In his benefit year of 1953, Jenkins began superbly as a bowler but not only lost form with the bat so much that he averaged under ten an innings, but suffered a seriously chipped bone in his knee when bowling against Leicestershire late in June. This injury caused Roly to miss the remainder of the season, including his actual benefit match in the return with Leicestershire. 1954's very soft pitches were unsuited to him both with bat and ball. However, after a severe attack of fibrositis early in 1955, Jenkins returned to something like his best late that year, whilst in 1956 he took 101 wickets at a better average than ever before, and frequently captained his county due to England calls upon Peter Richardson. Jenkins was that season established as an enthusiastic "senior professional" although out of the running for higher representative honours. Apart from one match where he took eleven wickets, however, his skill deserted him in 1957, and Jenkins played only a few games in 1958 before his engagement was not renewed. Nonetheless, after retiring from first-class cricket, Jenkins played for fifteen years with West Bromwich Dartmouth in the Birmingham and District League, in the process establishing a reputation beyond that which he had as a county player.

Along with Derbyshire wicket-keepers Bob Taylor and George Dawkes, Jenkins is one of only three players who have reached ten thousand career runs while making only one century (against Nottinghamshire in 1948). Tony Lock reached that figure with a highest score of 89.
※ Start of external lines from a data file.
(* Let $\mathbb{X}\subseteq\mathbb{R}^{n_x}$, $\mathbb{U}\subseteq\mathbb{R}^{n_u}$ with $0<\mu_L(\mathbb{U})<\infty$ ($\mu_L$ = Lebesgue measure), let $T>0$ be an integer, let $p(x_0)$ be an initial density on $\mathbb{X}$ and $p(x_{t+1}\mid x_t,u_t)$, $t\in\{0,\dots,T-1\}$, transition densities, and let $c_t:\mathbb{X}\times\mathbb{U}\to\mathbb{R}_{\ge 0}$ ($t\in\{0,\dots,T-1\}$), $c_T:\mathbb{X}\to\mathbb{R}_{\ge 0}$. Let $p(\tau\mid\mathcal{O}_{0:T}=1)$ be the optimal trajectory density of control as inference, i.e. the density on trajectories $\tau=(x_{0:T},u_{0:T-1})$ satisfying $$p(\tau\mid\mathcal{O}_{0:T}=1)\propto p(x_0)\prod_{t=0}^{T-1}p(x_{t+1}\mid x_t,u_t)\,\exp\Big(-c_T(x_T)-\sum_{t=0}^{T-1}c_t(x_t,u_t)\Big).$$ For policies $\pi=\{\pi_t\}_{t=0}^{T-1}$, where each $\pi_t(\cdot\mid x)$ is a probability density on $\mathbb{U}$ for every $x\in\mathbb{X}$, let $p^\pi(\tau)=p(x_0)\prod_{t=0}^{T-1}p(x_{t+1}\mid x_t,u_t)\pi_t(u_t\mid x_t)$. Then for any $\eta>-1$, $\eta\neq 0$, minimizing the R\'enyi divergence $D_{1+\eta}(p^\pi\,\|\,p(\cdot\mid\mathcal{O}_{0:T}=1))$ with respect to $p^\pi$ of this form (i.e. with respect to $\{\pi_t\}$) is equivalent to the problem $$\underset{\{\pi_t\}_{t=0}^{T-1}}{\mathrm{minimize}}\ \ \frac{1}{\eta}\log\mathbb{E}_{p^\pi(\tau)}\Big[\exp\Big(\eta c_T(x_T)+\eta\sum_{t=0}^{T-1}\big(c_t(x_t,u_t)+\log\pi_t(u_t\mid x_t)\big)\Big)\Big].$$
   Context: For densities $p_1,p_2$ and $\alpha>0$, $\alpha\ne1$, the R\'enyi divergence is $D_\alpha(p_1\|p_2)=\frac{1}{\alpha-1}\log\int_{\{p_1p_2>0\}}p_1(u)^\alpha p_2(u)^{1-\alpha}\,du$. In control as inference, binary optimality variables $\mathcal{O}_t$ satisfy $p(\mathcal{O}_t=1\mid x_t,u_t)=\exp(-c_t(x_t,u_t))$, $p(\mathcal{O}_T=1\mid x_T)=\exp(-c_T(x_T))$, and the control prior is uniform, $p(u_t)=1/\mu_L(\mathbb{U})$. "Equivalent" means the two minimization problems over $\{\pi_t\}$ have the same minimizers. *)

theory Defs
  imports "HOL-Analysis.Analysis"
begin
(* Let $V$ be a $(2n+1)$-dimensional complex vector space, $U\subset V$ a hyperplane, $V_\bullet$ a full flag in $V$, and $\omega$ a skew-symmetric bilinear form on $V$ whose restriction to $U$ is nondegenerate. Then there is a basis $\{e_1,\dots,e_{2n+1}\}$ of $V$ such that $e_1,\dots,e_{2n}\in U$, $e_{2n+1}$ spans $\ker(\omega)=\{v:\omega(v,\cdot)\equiv0\}$, the basis $\{e_1,\dots,e_{2n+1}\}$ is hyperbolic with respect to $\omega$, and each subspace $V_i$ of the flag is spanned by some vectors chosen among $e_1,\dots,e_{2n+1}$ and $e_1+e_{2n+1},\dots,e_{2n}+e_{2n+1}$ (i.e. there are vectors $v_1,\dots,v_{2n+1}$, each of the form $e_k$ or $e_k+e_{2n+1}$ with $k\le 2n$, or $e_{2n+1}$, with $V_i=\langle v_1,\dots,v_i\rangle$ for all $i$).
   Context: A full flag $V_\bullet$ in $V$ is a chain of subspaces $0\subset V_1\subset\dots\subset V_{2n+1}=V$ with $\dim V_i=i$. A basis $\{e_1,\dots,e_N\}$ is hyperbolic with respect to a skew-symmetric form $\omega$ if for every $i$ either $\omega(e_i,\cdot)\equiv 0$, or there is exactly one index $j$ with $\omega(e_i,e_j)\neq 0$, and for that $j$ one has $\omega(e_i,e_j)=\pm1$. *)

theory Defs
  imports "HOL-Analysis.Analysis"
begin

text \<open>Vectors of V = complex^'m; complex scalar multiplication is (*s), and
  complex-linear notions are those of the interpretation vec (vec.span, vec.dim, ...).\<close>

definition skew_bilinear :: "(complex^'m \<Rightarrow> complex^'m \<Rightarrow> complex) \<Rightarrow> bool" where
  "skew_bilinear \<omega> \<longleftrightarrow>
     (\<forall>x y z. \<omega> (x + y) z = \<omega> x z + \<omega> y z) \<and>
     (\<forall>c x z. \<omega> (c *s x) z = c * \<omega> x z) \<and>
     (\<forall>x y z. \<omega> z (x + y) = \<omega> z x + \<omega> z y) \<and>
     (\<forall>c x z. \<omega> z (c *s x) = c * \<omega> z x) \<and>
     (\<forall>x y. \<omega> x y = - \<omega> y x)"

definition full_flag :: "nat \<Rightarrow> (nat \<Rightarrow> (complex^'m) set) \<Rightarrow> bool" where
  "full_flag N F \<longleftrightarrow>
     (\<forall>i\<in>{1..N}. vec.subspace (F i) \<and> vec.dim (F i) = i) \<and>
     (\<forall>i. 1 \<le> i \<and> i < N \<longrightarrow> F i \<subseteq> F (Suc i)) \<and>
     F N = UNIV"

definition is_basis :: "nat \<Rightarrow> (nat \<Rightarrow> complex^'m) \<Rightarrow> bool" where
  "is_basis N e \<longleftrightarrow> inj_on e {1..N} \<and> vec.independent (e ` {1..N}) \<and>
     vec.span (e ` {1..N}) = UNIV"

definition hyperbolic :: "(complex^'m \<Rightarrow> complex^'m \<Rightarrow> complex) \<Rightarrow> nat \<Rightarrow> (nat \<Rightarrow> complex^'m) \<Rightarrow> bool" where
  "hyperbolic \<omega> N e \<longleftrightarrow>
     (\<forall>i\<in>{1..N}. (\<forall>v. \<omega> (e i) v = 0) \<or>
        ((\<exists>!j. j \<in> {1..N} \<and> \<omega> (e i) (e j) \<noteq> 0) \<and>
         (\<forall>j\<in>{1..N}. \<omega> (e i) (e j) \<noteq> 0 \<longrightarrow> \<omega> (e i) (e j) = 1 \<or> \<omega> (e i) (e j) = -1)))"

end

theory Submission
  imports Defs
begin

(* Since dim V = 2n+1 is odd, the skew-symmetric Gram matrix of omega is singular,
   so omega has a nonzero kernel vector z0; nondegeneracy on U puts z0 outside U, so
   V = <z0> + U and ker omega = <z0>.  The flag is the flag of initial segments of a list ws
   of vectors.  By induction on the length of ws we show, for any nondegenerate subspace U,
   kernel vector z and independent list ws with U \<subseteq> span ws \<subseteq> <z> + U, that some list vs of
   vectors kappa z, x, x + kappa z (x in a hyperbolic set E \<subseteq> U, kappa \<noteq> 0) defines the same
   flag as ws.  If the first vector f of ws lies in <z>, the other vectors are projected into U
   along z and the induction continues with kernel vector 0.  Otherwise f pairs nontrivially
   with a first later vector w_j; the induction continues in the omega-complement of <f, w_j>
   inside U with the symplectically projected remaining vectors, and a normalized hyperbolic
   pair is inserted at the positions of f and w_j. *)

lemma span_insert_triangular:
  assumes d: "x - c *s y \<in> vec.span S" and c: "(c::complex) \<noteq> 0"
  shows "vec.span (insert x S) = vec.span (insert y S)"
proof -
  have S: "vec.span S \<subseteq> vec.span (insert x S)" "vec.span S \<subseteq> vec.span (insert y S)"
    by (simp_all add: vec.span_mono subset_insertI)
  have "(x - c *s y) + c *s y \<in> vec.span (insert y S)"
    using d S by (intro vec.span_add vec.span_scale) (auto intro: vec.span_base)
  then have x: "x \<in> vec.span (insert y S)" by simp
  have "x \<in> vec.span (insert x S)" "x - c *s y \<in> vec.span (insert x S)"
    using d S by (auto intro: vec.span_base)
  then have "x - (x - c *s y) \<in> vec.span (insert x S)" by (rule vec.span_diff)
  then have "(1/c) *s (x - (x - c *s y)) \<in> vec.span (insert x S)"
    by (rule vec.span_scale)
  then have y: "y \<in> vec.span (insert x S)" using c by (simp add: vector_smult_assoc)
  show ?thesis
    using x y by (auto simp: vec.span_eq intro: vec.span_base vec.span_superset[THEN subsetD])
qed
Throughout his career, Jenkins was noted for his obsessive perfectionism: he would typically begin practising bowling at seven o'clock in the morning, and he was known for always bowling in his cap (though he batted without one). In later years he was a popular and much admired umpire at Ombersley Cricket Club, where he frequently offered helpful advice to bowlers from both teams.

Jenkins died in July 1995, in Worcester, at the age of 76.